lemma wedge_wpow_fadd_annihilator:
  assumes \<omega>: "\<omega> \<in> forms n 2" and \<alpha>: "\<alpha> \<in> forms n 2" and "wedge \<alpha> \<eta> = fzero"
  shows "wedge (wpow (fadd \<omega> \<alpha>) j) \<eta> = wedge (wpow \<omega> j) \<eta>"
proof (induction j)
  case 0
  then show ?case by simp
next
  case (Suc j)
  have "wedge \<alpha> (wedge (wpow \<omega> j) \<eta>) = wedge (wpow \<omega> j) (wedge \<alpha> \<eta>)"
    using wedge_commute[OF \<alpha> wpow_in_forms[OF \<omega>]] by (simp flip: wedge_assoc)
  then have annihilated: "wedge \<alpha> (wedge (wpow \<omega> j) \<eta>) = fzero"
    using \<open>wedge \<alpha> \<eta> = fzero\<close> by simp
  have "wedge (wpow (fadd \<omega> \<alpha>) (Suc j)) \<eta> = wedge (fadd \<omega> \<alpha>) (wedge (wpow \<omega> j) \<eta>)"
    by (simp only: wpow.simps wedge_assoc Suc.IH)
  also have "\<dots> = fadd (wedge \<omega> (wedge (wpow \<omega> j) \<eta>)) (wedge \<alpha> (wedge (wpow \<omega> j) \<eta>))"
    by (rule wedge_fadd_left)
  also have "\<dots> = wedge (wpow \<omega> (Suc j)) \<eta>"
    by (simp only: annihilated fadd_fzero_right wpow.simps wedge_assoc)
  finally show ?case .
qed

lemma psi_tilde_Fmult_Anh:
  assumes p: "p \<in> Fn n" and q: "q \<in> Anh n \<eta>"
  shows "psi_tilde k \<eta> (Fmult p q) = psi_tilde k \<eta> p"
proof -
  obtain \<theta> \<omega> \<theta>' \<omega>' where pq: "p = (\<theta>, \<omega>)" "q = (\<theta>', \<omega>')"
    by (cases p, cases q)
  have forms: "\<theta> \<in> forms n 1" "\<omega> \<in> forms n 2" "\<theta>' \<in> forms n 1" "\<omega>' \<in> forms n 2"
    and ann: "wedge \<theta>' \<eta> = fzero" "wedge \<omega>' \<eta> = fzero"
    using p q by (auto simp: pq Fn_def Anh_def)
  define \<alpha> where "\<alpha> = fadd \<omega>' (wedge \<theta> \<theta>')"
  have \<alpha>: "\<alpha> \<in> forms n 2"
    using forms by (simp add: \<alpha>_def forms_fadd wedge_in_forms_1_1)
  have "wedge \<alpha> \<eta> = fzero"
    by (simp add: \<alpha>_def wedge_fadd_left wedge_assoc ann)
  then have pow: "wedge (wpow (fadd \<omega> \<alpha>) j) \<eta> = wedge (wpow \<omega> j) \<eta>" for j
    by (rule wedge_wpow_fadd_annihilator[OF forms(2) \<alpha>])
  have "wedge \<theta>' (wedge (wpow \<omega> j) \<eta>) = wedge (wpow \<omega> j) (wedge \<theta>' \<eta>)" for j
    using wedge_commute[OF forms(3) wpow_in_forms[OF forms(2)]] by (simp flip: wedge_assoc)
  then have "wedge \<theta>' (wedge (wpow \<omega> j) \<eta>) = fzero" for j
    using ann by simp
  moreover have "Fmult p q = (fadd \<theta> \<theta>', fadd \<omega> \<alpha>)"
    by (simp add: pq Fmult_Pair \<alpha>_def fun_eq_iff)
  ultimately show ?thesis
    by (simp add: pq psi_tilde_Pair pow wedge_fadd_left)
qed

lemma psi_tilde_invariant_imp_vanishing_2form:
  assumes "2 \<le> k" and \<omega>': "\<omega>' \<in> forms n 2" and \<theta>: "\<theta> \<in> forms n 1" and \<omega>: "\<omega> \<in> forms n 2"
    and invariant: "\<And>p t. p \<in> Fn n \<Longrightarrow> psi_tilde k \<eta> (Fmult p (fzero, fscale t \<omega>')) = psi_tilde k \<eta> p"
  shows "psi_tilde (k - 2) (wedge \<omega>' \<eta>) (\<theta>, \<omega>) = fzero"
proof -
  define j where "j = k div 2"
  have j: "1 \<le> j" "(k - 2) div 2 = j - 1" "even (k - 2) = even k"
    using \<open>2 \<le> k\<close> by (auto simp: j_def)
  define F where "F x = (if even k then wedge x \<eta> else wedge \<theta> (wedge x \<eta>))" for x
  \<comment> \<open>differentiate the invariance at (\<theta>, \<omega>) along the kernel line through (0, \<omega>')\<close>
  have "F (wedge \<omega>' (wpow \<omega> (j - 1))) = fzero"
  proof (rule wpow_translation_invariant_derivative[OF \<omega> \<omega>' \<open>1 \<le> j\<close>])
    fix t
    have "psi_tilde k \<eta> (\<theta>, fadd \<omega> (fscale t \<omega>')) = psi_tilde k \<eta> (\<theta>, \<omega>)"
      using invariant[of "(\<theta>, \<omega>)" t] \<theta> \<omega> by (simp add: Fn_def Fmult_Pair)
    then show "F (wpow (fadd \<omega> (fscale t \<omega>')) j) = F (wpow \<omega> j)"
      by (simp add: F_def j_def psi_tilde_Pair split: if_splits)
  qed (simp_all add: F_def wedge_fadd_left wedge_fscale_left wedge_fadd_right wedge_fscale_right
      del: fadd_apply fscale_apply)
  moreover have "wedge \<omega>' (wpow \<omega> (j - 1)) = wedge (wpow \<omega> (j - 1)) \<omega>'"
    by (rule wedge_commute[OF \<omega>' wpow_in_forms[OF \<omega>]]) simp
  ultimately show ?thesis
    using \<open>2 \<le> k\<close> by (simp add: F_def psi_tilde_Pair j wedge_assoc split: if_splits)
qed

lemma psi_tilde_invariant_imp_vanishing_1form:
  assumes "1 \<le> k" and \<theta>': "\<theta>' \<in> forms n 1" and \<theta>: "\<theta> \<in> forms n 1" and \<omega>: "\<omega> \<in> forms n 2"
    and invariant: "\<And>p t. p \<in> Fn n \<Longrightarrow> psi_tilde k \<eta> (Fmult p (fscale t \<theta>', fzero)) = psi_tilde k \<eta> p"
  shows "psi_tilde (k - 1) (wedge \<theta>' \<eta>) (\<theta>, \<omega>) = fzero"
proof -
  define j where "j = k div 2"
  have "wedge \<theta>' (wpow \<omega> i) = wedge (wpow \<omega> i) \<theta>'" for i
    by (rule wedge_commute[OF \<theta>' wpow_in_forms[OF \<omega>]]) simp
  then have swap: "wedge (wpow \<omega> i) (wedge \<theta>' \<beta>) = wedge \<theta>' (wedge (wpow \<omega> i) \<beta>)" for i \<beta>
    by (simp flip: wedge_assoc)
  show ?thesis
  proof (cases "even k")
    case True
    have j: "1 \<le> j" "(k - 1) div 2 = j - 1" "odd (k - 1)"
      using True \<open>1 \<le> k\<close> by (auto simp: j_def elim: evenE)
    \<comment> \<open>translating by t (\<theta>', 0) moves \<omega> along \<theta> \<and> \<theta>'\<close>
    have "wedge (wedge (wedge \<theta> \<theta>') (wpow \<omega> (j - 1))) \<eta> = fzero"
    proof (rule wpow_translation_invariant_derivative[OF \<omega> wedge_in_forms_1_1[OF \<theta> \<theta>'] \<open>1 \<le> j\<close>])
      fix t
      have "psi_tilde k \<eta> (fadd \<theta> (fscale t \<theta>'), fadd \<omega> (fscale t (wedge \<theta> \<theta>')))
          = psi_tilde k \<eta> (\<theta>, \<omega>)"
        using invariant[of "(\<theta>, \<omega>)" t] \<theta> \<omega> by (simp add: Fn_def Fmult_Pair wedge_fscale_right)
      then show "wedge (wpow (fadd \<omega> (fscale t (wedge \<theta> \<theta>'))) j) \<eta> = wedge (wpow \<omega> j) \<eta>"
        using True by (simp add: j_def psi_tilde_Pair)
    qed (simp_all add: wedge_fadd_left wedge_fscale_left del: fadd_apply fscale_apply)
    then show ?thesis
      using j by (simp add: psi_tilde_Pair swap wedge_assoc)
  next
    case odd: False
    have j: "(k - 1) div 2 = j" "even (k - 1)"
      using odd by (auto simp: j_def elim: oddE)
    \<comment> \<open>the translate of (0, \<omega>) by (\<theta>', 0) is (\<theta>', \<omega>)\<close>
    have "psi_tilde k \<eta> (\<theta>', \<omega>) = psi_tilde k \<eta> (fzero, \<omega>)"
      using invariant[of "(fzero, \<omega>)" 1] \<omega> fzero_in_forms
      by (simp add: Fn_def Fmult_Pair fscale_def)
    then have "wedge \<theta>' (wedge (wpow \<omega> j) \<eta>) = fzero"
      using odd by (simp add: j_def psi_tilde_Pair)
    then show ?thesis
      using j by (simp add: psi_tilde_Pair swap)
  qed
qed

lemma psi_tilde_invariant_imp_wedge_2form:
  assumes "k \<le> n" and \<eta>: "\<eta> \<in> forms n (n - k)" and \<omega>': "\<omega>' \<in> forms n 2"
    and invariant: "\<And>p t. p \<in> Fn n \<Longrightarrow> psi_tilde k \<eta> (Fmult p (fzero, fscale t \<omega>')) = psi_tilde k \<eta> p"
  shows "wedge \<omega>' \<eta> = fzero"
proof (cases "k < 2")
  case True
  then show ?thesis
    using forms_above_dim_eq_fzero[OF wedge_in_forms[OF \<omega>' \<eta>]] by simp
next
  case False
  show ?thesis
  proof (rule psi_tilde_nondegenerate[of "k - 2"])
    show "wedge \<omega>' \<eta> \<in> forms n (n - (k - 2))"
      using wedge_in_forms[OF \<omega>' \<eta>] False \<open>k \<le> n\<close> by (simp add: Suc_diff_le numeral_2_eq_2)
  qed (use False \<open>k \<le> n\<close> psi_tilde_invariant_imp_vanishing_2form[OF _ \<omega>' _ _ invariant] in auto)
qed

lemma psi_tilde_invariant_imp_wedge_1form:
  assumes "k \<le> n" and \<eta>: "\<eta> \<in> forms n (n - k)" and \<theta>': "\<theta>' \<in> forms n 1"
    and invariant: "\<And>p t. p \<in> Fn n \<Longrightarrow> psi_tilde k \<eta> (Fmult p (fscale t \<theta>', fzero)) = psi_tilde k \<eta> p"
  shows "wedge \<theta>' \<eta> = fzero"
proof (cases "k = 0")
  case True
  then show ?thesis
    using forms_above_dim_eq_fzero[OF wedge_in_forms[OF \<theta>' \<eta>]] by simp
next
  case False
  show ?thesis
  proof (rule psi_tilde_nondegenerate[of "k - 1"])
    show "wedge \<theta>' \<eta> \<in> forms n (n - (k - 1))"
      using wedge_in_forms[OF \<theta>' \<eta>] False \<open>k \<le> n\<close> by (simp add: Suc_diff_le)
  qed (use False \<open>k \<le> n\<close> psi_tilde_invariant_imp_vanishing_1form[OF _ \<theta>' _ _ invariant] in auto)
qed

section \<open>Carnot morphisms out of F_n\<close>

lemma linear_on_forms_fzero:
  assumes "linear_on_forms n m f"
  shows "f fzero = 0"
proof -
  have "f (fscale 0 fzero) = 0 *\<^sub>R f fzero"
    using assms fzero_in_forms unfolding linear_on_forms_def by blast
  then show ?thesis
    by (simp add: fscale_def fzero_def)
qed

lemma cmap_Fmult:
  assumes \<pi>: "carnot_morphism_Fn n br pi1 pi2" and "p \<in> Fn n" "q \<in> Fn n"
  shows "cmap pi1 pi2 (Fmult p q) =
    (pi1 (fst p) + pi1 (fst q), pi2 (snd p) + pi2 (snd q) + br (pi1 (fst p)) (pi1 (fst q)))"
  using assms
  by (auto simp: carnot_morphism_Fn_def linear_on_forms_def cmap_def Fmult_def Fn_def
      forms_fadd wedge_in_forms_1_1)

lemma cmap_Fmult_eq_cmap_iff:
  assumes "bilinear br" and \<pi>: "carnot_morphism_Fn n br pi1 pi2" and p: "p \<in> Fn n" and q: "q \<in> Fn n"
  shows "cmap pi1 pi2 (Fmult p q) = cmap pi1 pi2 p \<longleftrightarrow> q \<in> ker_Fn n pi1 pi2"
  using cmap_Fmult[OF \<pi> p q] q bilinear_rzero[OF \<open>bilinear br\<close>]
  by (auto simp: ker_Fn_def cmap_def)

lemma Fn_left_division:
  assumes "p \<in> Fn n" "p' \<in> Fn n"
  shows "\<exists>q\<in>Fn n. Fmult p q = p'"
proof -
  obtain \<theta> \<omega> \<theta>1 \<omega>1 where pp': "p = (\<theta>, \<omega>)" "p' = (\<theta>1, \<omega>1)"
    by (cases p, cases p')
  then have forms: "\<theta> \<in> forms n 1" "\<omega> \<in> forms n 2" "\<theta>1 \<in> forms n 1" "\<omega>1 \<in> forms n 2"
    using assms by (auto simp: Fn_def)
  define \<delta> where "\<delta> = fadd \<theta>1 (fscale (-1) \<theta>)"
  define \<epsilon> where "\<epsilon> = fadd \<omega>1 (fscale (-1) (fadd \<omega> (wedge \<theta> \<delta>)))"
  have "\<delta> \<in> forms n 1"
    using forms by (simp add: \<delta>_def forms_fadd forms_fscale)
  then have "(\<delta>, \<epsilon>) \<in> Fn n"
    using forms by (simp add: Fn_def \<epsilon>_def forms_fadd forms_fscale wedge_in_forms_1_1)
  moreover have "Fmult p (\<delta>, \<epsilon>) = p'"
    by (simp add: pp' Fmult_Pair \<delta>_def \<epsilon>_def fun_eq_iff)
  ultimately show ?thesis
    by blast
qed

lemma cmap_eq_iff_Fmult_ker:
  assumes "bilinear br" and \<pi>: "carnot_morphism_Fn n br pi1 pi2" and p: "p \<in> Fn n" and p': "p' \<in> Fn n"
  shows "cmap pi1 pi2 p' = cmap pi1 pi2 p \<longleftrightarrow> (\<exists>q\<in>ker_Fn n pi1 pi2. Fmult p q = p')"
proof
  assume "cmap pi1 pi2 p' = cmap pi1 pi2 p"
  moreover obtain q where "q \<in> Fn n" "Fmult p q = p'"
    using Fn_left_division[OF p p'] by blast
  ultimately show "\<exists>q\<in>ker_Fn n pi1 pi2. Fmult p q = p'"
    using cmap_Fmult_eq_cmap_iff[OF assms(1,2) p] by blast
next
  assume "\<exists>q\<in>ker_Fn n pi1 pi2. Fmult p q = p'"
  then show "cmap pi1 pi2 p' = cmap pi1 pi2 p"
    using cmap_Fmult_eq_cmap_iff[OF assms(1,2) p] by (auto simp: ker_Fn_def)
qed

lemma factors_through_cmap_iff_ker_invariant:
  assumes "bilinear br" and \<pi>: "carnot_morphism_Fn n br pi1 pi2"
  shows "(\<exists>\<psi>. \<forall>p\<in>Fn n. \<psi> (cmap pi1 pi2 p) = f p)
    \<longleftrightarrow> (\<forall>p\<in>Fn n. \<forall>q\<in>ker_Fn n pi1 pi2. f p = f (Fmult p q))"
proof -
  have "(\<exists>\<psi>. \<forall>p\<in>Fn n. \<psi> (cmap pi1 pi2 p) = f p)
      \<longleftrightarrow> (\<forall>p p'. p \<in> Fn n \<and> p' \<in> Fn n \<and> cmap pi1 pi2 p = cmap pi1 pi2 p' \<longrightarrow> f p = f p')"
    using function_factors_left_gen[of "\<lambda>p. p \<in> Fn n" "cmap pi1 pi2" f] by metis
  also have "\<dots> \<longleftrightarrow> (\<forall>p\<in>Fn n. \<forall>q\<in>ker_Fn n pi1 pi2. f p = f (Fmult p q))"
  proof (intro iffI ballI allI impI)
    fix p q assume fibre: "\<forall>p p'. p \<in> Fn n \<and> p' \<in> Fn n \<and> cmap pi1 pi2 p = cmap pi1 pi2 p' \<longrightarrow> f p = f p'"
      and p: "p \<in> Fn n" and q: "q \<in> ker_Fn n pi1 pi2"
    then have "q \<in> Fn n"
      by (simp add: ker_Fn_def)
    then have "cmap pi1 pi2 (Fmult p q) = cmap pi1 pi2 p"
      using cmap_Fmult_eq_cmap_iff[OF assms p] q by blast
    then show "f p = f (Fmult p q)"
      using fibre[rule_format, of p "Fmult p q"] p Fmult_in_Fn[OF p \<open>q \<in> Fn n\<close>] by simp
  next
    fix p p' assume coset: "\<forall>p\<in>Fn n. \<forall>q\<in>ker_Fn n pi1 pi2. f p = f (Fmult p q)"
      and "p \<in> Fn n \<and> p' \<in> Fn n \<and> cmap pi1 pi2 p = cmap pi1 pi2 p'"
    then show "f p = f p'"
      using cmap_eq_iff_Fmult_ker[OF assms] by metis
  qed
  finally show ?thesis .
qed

○ ○ ○

=== WORK ITEM ===
Please tally every line of the entries that holds "exists" and answer with that figure alone.

=== WRITTEN REPLY ===
6